After the Prodigy's intense touring to support The Fat of the Land, Maxim worked on his solo projects, and in 1998 he released "Dog Day" on the XL Recordings compilation CD Against the Grain, which also featured Howlett's "Dirtchamber Remix" of "Diesel Power" (from The Fat of the Land). Also in 1998, Maxim's cover version of the Rolling Stones' "Factory Girl" was released on the Beggars Banquet compilation CD, 21 Beggars Banquet. On 9 August 1999, Maxim released the EP My Web, which contained five tracks. In 2000, Maxim collaborated with Skin from Skunk Anansie on the song "Carmen Queasy", which remains his biggest solo success, peaking at number 33 on the UK singles chart in June that year. Maxim released a second single, "Scheming", on 11 September 2000, which reached number 53 on the UK singles chart, and released his debut album, Hell's Kitchen, on 2 October 2000. Maxim's second solo album, Fallen Angel, was released in 2005 and spawned one single, "I Don't Care", which failed to chart. The album was released on multiple formats, including a limited-edition CD.

Maxim has performed as a DJ and in 2013 had his first United States DJ tour.
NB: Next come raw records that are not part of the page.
(* Let $S$ be an additively reduced semidomain and $G$ a torsion-free abelian group, totally ordered compatibly with addition, in which every subset that is bounded below is well-ordered. Let $f=\sum_{i=0}^\infty s_ix^{g_i}\in S[\![G]\!]$ with $s_i\neq0$ for all $i\in\mathbb{N}_0$. If for some $N\in\mathbb{N}_0$ the sequence $(g_{N+i+1}-g_{N+i})_{i\in\mathbb{N}_0}$ is strictly increasing, then $f$ is monolithic.
   Context: A semidomain is a subsemiring (containing $0$ and $1$) of an integral domain. $S$ is additively reduced if $0$ is the only invertible element of $(S,+)$. $S[\![G]\!]=\{\sum_{i=0}^\infty s_ix^{g_i} : s_i\in S,\ g_i\in G,\ g_i<g_{i+1}\}$ (with respect to the given order on $G$) with operations defined as for polynomials. A nonzero $f$ is monolithic if $f=pq$ with $p,q\in S[\![G]\!]$ implies one of $p,q$ is a monomial $sx^g$. *)

theory Defs
  imports Main
begin

definition semidomain :: "'a::idom set \<Rightarrow> bool" where
  "semidomain S \<longleftrightarrow> 0 \<in> S \<and> 1 \<in> S \<and>
     (\<forall>x\<in>S. \<forall>y\<in>S. x + y \<in> S \<and> x * y \<in> S)"

definition additively_reduced :: "'a::idom set \<Rightarrow> bool" where
  "additively_reduced S \<longleftrightarrow> (\<forall>x\<in>S. (\<exists>y\<in>S. x + y = 0) \<longrightarrow> x = 0)"

definition bdd_below_well_ordered :: "'g::linorder itself \<Rightarrow> bool" where
  "bdd_below_well_ordered _ \<longleftrightarrow>
     (\<forall>A::'g set. bdd_below A \<longrightarrow>
        (\<forall>B\<subseteq>A. B \<noteq> {} \<longrightarrow> (\<exists>m\<in>B. \<forall>b\<in>B. m \<le> b)))"

text \<open>Elements of S[[G]] are represented by their coefficient functions G \<Rightarrow> A.\<close>
definition gen_series :: "'a::idom set \<Rightarrow> ('g::linorder \<Rightarrow> 'a) set" where
  "gen_series S = {f. (\<forall>h. f h \<in> S) \<and>
      (finite {h. f h \<noteq> 0} \<or> (\<exists>g::nat \<Rightarrow> 'g. strict_mono g \<and> {h. f h \<noteq> 0} \<subseteq> range g))}"

definition series_mult :: "('g::ab_group_add \<Rightarrow> 'a::idom) \<Rightarrow> ('g \<Rightarrow> 'a) \<Rightarrow> 'g \<Rightarrow> 'a" where
  "series_mult p q = (\<lambda>c. \<Sum>a\<in>{a. p a \<noteq> 0 \<and> q (c - a) \<noteq> 0}. p a * q (c - a))"

definition is_monomial :: "('g \<Rightarrow> 'a::zero) \<Rightarrow> bool" where
  "is_monomial p \<longleftrightarrow> (\<exists>g. \<forall>h. h \<noteq> g \<longrightarrow> p h = 0)"

definition monolithic :: "'a::idom set \<Rightarrow> ('g::{linorder,ab_group_add} \<Rightarrow> 'a) \<Rightarrow> bool" where
  "monolithic S f \<longleftrightarrow> f \<noteq> (\<lambda>_. 0) \<and>
     (\<forall>p\<in>gen_series S. \<forall>q\<in>gen_series S. f = series_mult p q \<longrightarrow> is_monomial p \<or> is_monomial q)"

end

theory Submission
  imports Defs
begin

text \<open>Suppose \<open>f = p q\<close> with neither factor a monomial. Since \<open>S\<close> is additively reduced,
  no cancellation occurs in products, so every sum \<open>b + c\<close> of support points of \<open>p\<close> and \<open>q\<close>
  is an exponent \<open>g\<^sub>j\<close> of \<open>f\<close>, and one of the supports, say that of \<open>q\<close>, must be infinite.
  Fix \<open>b\<^sub>0 < b\<^sub>1\<close> in the support of \<open>p\<close>. For each \<open>c\<close> in the support of \<open>q\<close>, both
  \<open>b\<^sub>0 + c\<close> and \<open>b\<^sub>1 + c\<close> are exponents of \<open>f\<close> at distance \<open>b\<^sub>1 - b\<^sub>0\<close>. But the gaps of an
  eventually strictly increasing gap sequence exceed any bound eventually, because \<open>G\<close> has no
  bounded strictly increasing sequences; so only finitely many \<open>c\<close> are possible.\<close>

lemma strict_mono_unbounded:
  fixes h :: "nat \<Rightarrow> 'g::linordered_ab_group_add"
  assumes wo: "bdd_below_well_ordered TYPE('g)" and mono: "strict_mono h"
  shows "\<exists>n. U < h n"
proof (rule ccontr)
  assume "\<nexists>n. U < h n"
  then have bounded: "h n \<le> U" for n by (simp add: not_less)
  let ?B = "range (\<lambda>n. U - h n)"
  have "bdd_below ?B" using bounded by (auto simp: bdd_below_def intro!: exI[of _ 0])
  with wo have "\<exists>m\<in>?B. \<forall>b\<in>?B. m \<le> b" unfolding bdd_below_well_ordered_def by blast
  then obtain n where least: "\<forall>b\<in>?B. U - h n \<le> b" by blast
  then have "U - h n \<le> U - h (Suc n)" by blast
  moreover have "h n < h (Suc n)" using mono by (simp add: strict_mono_def)
  ultimately show False by simp
qed

lemma strict_mono_finite_le:
  fixes h :: "nat \<Rightarrow> 'g::linordered_ab_group_add"
  assumes "bdd_below_well_ordered TYPE('g)" and mono: "strict_mono h"
  shows "finite {n. h n \<le> U}"
proof -
  obtain n where "U < h n" using strict_mono_unbounded assms by blast
  then have "{m. h m \<le> U} \<subseteq> {..<n}"
    using mono by (auto simp: strict_mono_less[symmetric])
  then show ?thesis by (rule finite_subset) simp
qed

lemma strict_mono_gaps_eventually_gt:
  fixes g :: "nat \<Rightarrow> 'g::linordered_ab_group_add"
  assumes wo: "bdd_below_well_ordered TYPE('g)" and mono: "strict_mono g"
    and gaps: "strict_mono (\<lambda>i. g (N + i + 1) - g (N + i))"
  shows "\<exists>K. \<forall>j j'. K \<le> j \<longrightarrow> j < j' \<longrightarrow> \<delta> < g j' - g j"
proof -
  obtain M where M: "\<delta> < g (N + M + 1) - g (N + M)"
    using strict_mono_unbounded[OF wo gaps] by blast
  have "\<delta> < g j' - g j" if "N + M \<le> j" "j < j'" for j j'
  proof -
    have "M \<le> j - N" using \<open>N + M \<le> j\<close> by simp
    then have "g (N + M + 1) - g (N + M) \<le> g (N + (j - N) + 1) - g (N + (j - N))"
      by (rule strict_mono_less_eq[OF gaps, THEN iffD2])
    also have "\<dots> = g (j + 1) - g j" using \<open>N + M \<le> j\<close> by simp
    also have "\<dots> \<le> g j' - g j"
      using mono \<open>j < j'\<close> by (simp add: strict_mono_less_eq)
    finally show ?thesis using M by simp
  qed
  then show ?thesis by blast
qed

lemma gen_series_support_bdd_below:
  fixes p :: "'g::linorder \<Rightarrow> 'a::idom"
  assumes "p \<in> gen_series S"
  shows "bdd_below {h. p h \<noteq> 0}"
  using assms unfolding gen_series_def
proof (elim CollectE conjE disjE exE)
  fix g :: "nat \<Rightarrow> 'g"
  assume "strict_mono g" and "{h. p h \<noteq> 0} \<subseteq> range g"
  then show ?thesis
    by (auto simp: bdd_below_def strict_mono_less_eq intro!: exI[of _ "g 0"])
qed (auto simp: bdd_below_def intro!: exI[of _ "Min {h. p h \<noteq> 0}"])

lemma gen_series_finite_support_le:
  fixes p :: "'g::linordered_ab_group_add \<Rightarrow> 'a::idom"
  assumes wo: "bdd_below_well_ordered TYPE('g)" and "p \<in> gen_series S"
  shows "finite {h. p h \<noteq> 0 \<and> h \<le> U}"
  using assms(2) unfolding gen_series_def
proof (elim CollectE conjE disjE exE)
  fix g :: "nat \<Rightarrow> 'g"
  assume "strict_mono g" and "{h. p h \<noteq> 0} \<subseteq> range g"
  then have "{h. p h \<noteq> 0 \<and> h \<le> U} \<subseteq> g ` {n. g n \<le> U}" by auto
  then show ?thesis
    using strict_mono_finite_le[OF wo \<open>strict_mono g\<close>] by (meson finite_imageI finite_subset)
qed (simp add: finite_subset)

lemma series_mult_finite_terms:
  fixes p q :: "'g::linordered_ab_group_add \<Rightarrow> 'a::idom"
  assumes wo: "bdd_below_well_ordered TYPE('g)"
    and p: "p \<in> gen_series S" and q: "q \<in> gen_series S"
  shows "finite {a. p a \<noteq> 0 \<and> q (c - a) \<noteq> 0}"
proof -
  obtain m where m: "\<And>b. q b \<noteq> 0 \<Longrightarrow> m \<le> b"
    using gen_series_support_bdd_below[OF q] by (auto simp: bdd_below_def)
  have "{a. p a \<noteq> 0 \<and> q (c - a) \<noteq> 0} \<subseteq> {a. p a \<noteq> 0 \<and> a \<le> c - m}"
    using m by (force simp: algebra_simps)
  then show ?thesis using gen_series_finite_support_le[OF wo p] by (rule finite_subset)
qed

lemma semidomain_sum_mem:
  assumes "semidomain S" and "\<And>x. x \<in> F \<Longrightarrow> t x \<in> S"
  shows "sum t F \<in> S"
  using assms(2)
proof (induction F rule: infinite_finite_induct)
  case (insert x F)
  then show ?case using assms(1) unfolding semidomain_def by auto
qed (use assms(1) in \<open>auto simp: semidomain_def\<close>)

lemma additively_reduced_sum_neq_zero:
  assumes sd: "semidomain S" and ar: "additively_reduced S"
    and "finite F" "x \<in> F" "t x \<noteq> 0" and mem: "\<And>y. y \<in> F \<Longrightarrow> t y \<in> S"
  shows "sum t F \<noteq> 0"
proof
  assume "sum t F = 0"
  then have "t x + sum t (F - {x}) = 0"
    using sum.remove[OF \<open>finite F\<close> \<open>x \<in> F\<close>, of t] by simp
  moreover have "sum t (F - {x}) \<in> S" by (rule semidomain_sum_mem[OF sd]) (use mem in blast)
  ultimately have "t x = 0" using ar mem[OF \<open>x \<in> F\<close>] unfolding additively_reduced_def by blast
  with \<open>t x \<noteq> 0\<close> show False ..
qed

lemma series_mult_neq_zero:
  fixes p q :: "'g::linordered_ab_group_add \<Rightarrow> 'a::idom"
  assumes wo: "bdd_below_well_ordered TYPE('g)"
    and sd: "semidomain S" and ar: "additively_reduced S"
    and p: "p \<in> gen_series S" and q: "q \<in> gen_series S"
    and "p b \<noteq> 0" "q c \<noteq> 0"
  shows "series_mult p q (b + c) \<noteq> 0"
  unfolding series_mult_def
proof (rule additively_reduced_sum_neq_zero[OF sd ar])
  show "finite {a. p a \<noteq> 0 \<and> q (b + c - a) \<noteq> 0}"
    by (rule series_mult_finite_terms[OF wo p q])
  show "b \<in> {a. p a \<noteq> 0 \<and> q (b + c - a) \<noteq> 0}" "p b * q (b + c - b) \<noteq> 0"
    using \<open>p b \<noteq> 0\<close> \<open>q c \<noteq> 0\<close> by simp_all
  have "p a \<in> S" "q a \<in> S" for a using p q unfolding gen_series_def by auto
  then show "p a * q (b + c - a) \<in> S" for a
    using sd unfolding semidomain_def by blast
qed

lemma series_mult_support_subset:
  "{h. series_mult p q h \<noteq> 0} \<subseteq> (\<lambda>(a, b). a + b) ` ({a. p a \<noteq> 0} \<times> {b. q b \<noteq> 0})"
proof
  fix h assume "h \<in> {h. series_mult p q h \<noteq> 0}"
  then have "series_mult p q h \<noteq> 0" by simp
  then have "{a. p a \<noteq> 0 \<and> q (h - a) \<noteq> 0} \<noteq> {}"
    unfolding series_mult_def by (metis sum.empty)
  then obtain a where "(a, h - a) \<in> {a. p a \<noteq> 0} \<times> {b. q b \<noteq> 0}" by blast
  then show "h \<in> (\<lambda>(a, b). a + b) ` ({a. p a \<noteq> 0} \<times> {b. q b \<noteq> 0})"
    by (rule image_eqI[rotated]) simp
qed

lemma finite_if_translates_in_range:
  fixes g :: "nat \<Rightarrow> 'g::linordered_ab_group_add"
  assumes mono: "strict_mono g" and "b\<^sub>0 < b\<^sub>1"
    and gaps: "\<forall>j j'. K \<le> j \<longrightarrow> j < j' \<longrightarrow> b\<^sub>1 - b\<^sub>0 < g j' - g j"
    and translates: "\<And>c. c \<in> C \<Longrightarrow> b\<^sub>0 + c \<in> range g \<and> b\<^sub>1 + c \<in> range g"
  shows "finite C"
proof -
  have "C \<subseteq> (\<lambda>j. g j - b\<^sub>0) ` {..<K}"
  proof
    fix c assume "c \<in> C"
    then obtain j j' where j: "b\<^sub>0 + c = g j" and j': "b\<^sub>1 + c = g j'"
      using translates by (metis rangeE)
    have "g j < g j'" using j j' \<open>b\<^sub>0 < b\<^sub>1\<close> by (metis add_strict_right_mono)
    then have "j < j'" using mono by (simp add: strict_mono_less)
    moreover have "g j' - g j = b\<^sub>1 - b\<^sub>0" using j j' by (metis add_diff_cancel_right)
    ultimately have "j < K" using gaps by (metis less_irrefl not_le)
    then show "c \<in> (\<lambda>j. g j - b\<^sub>0) ` {..<K}"
      using j by (intro image_eqI[where x=j]) (auto simp: algebra_simps)
  qed
  then show ?thesis by (rule finite_subset) simp
qed

lemma not_monomial_obtains_two_support_points:
  fixes p :: "'g::linorder \<Rightarrow> 'a::zero"
  assumes "\<not> is_monomial p"
  obtains b\<^sub>0 b\<^sub>1 where "p b\<^sub>0 \<noteq> 0" "p b\<^sub>1 \<noteq> 0" "b\<^sub>0 < b\<^sub>1"
proof -
  obtain b where "p b \<noteq> 0" using assms unfolding is_monomial_def by blast
  moreover obtain b' where "b' \<noteq> b" "p b' \<noteq> 0" using assms unfolding is_monomial_def by blast
  ultimately show thesis using that by (metis linorder_neqE)
qed

lemma finite_support_of_cofactor:
  fixes g :: "nat \<Rightarrow> 'g::linordered_ab_group_add" and p q :: "'g \<Rightarrow> 'a::zero"
  assumes wo: "bdd_below_well_ordered TYPE('g)" and mono: "strict_mono g"
    and gaps: "strict_mono (\<lambda>i. g (N + i + 1) - g (N + i))"
    and "\<not> is_monomial p"
    and sums: "\<And>b c. p b \<noteq> 0 \<Longrightarrow> q c \<noteq> 0 \<Longrightarrow> b + c \<in> range g"
  shows "finite {c. q c \<noteq> 0}"
proof -
  obtain b\<^sub>0 b\<^sub>1 where b: "p b\<^sub>0 \<noteq> 0" "p b\<^sub>1 \<noteq> 0" "b\<^sub>0 < b\<^sub>1"
    using not_monomial_obtains_two_support_points \<open>\<not> is_monomial p\<close> by blast
  obtain K where "\<forall>j j'. K \<le> j \<longrightarrow> j < j' \<longrightarrow> b\<^sub>1 - b\<^sub>0 < g j' - g j"
    using strict_mono_gaps_eventually_gt[OF wo mono gaps] by blast
  moreover have "b\<^sub>0 + c \<in> range g \<and> b\<^sub>1 + c \<in> range g" if "c \<in> {c. q c \<noteq> 0}" for c
    using sums b that by simp
  ultimately show ?thesis using finite_if_translates_in_range[OF mono \<open>b\<^sub>0 < b\<^sub>1\<close>] by blast
qed

theorem corollary4p5:
  fixes S :: "'a::idom set"
    and s :: "nat \<Rightarrow> 'a"
    and g :: "nat \<Rightarrow> 'g::linordered_ab_group_add"
    and f :: "'g \<Rightarrow> 'a"
  assumes "semidomain S"
    and "additively_reduced S"
    and "\<forall>(n::nat) (x::'g). n > 0 \<longrightarrow> (\<Sum>_<n. x) = 0 \<longrightarrow> x = 0"
    and "bdd_below_well_ordered TYPE('g)"
    and "\<forall>i. s i \<in> S \<and> s i \<noteq> 0"
    and "strict_mono g"
    and "f = (\<lambda>h. if h \<in> range g then s (THE i. g i = h) else 0)"
    and "\<exists>N. strict_mono (\<lambda>i. g (N + i + 1) - g (N + i))"
  shows "monolithic S f"
proof -
  have support_f: "{h. f h \<noteq> 0} = range g" using assms(5,7) by auto
  obtain N where gaps: "strict_mono (\<lambda>i. g (N + i + 1) - g (N + i))" using assms(8) by blast
  show ?thesis
    unfolding monolithic_def
  proof (intro conjI ballI impI)
    show "f \<noteq> (\<lambda>_. 0)" using support_f by auto
  next
    fix p q assume p: "p \<in> gen_series S" and q: "q \<in> gen_series S" and f: "f = series_mult p q"
    have sums: "b + c \<in> range g" if "p b \<noteq> 0" "q c \<noteq> 0" for b c
      using series_mult_neq_zero[OF assms(4,1,2) p q that] support_f f by blast
    have "infinite (range g)"
      using assms(6) strict_mono_imp_inj_on finite_imageD infinite_UNIV_nat by blast
    then have "infinite ({a. p a \<noteq> 0} \<times> {b. q b \<noteq> 0})"
      using series_mult_support_subset[of p q] support_f f by (metis finite_imageI finite_subset)
    moreover have "is_monomial p \<or> finite {c. q c \<noteq> 0}" "is_monomial q \<or> finite {c. p c \<noteq> 0}"
      using finite_support_of_cofactor[OF assms(4,6) gaps] sums by (metis add.commute)+
    ultimately show "is_monomial p \<or> is_monomial q" by auto
  qed
qed

end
He's quoted as saying, "DJing for me is a completely fresh challenge—it gives me the opportunity to play music I’m into. I love the spontaneity, its freestyle form." Maxim's DJing was inspired by trap, and in 2014 he collaborated with Cianna Blaze and producer Blaze Billions to create and release original tracks that he could DJ, released under the name 'We Are Noize'. In an interview, Maxim said that the collaboration was a 'collective', not a new band.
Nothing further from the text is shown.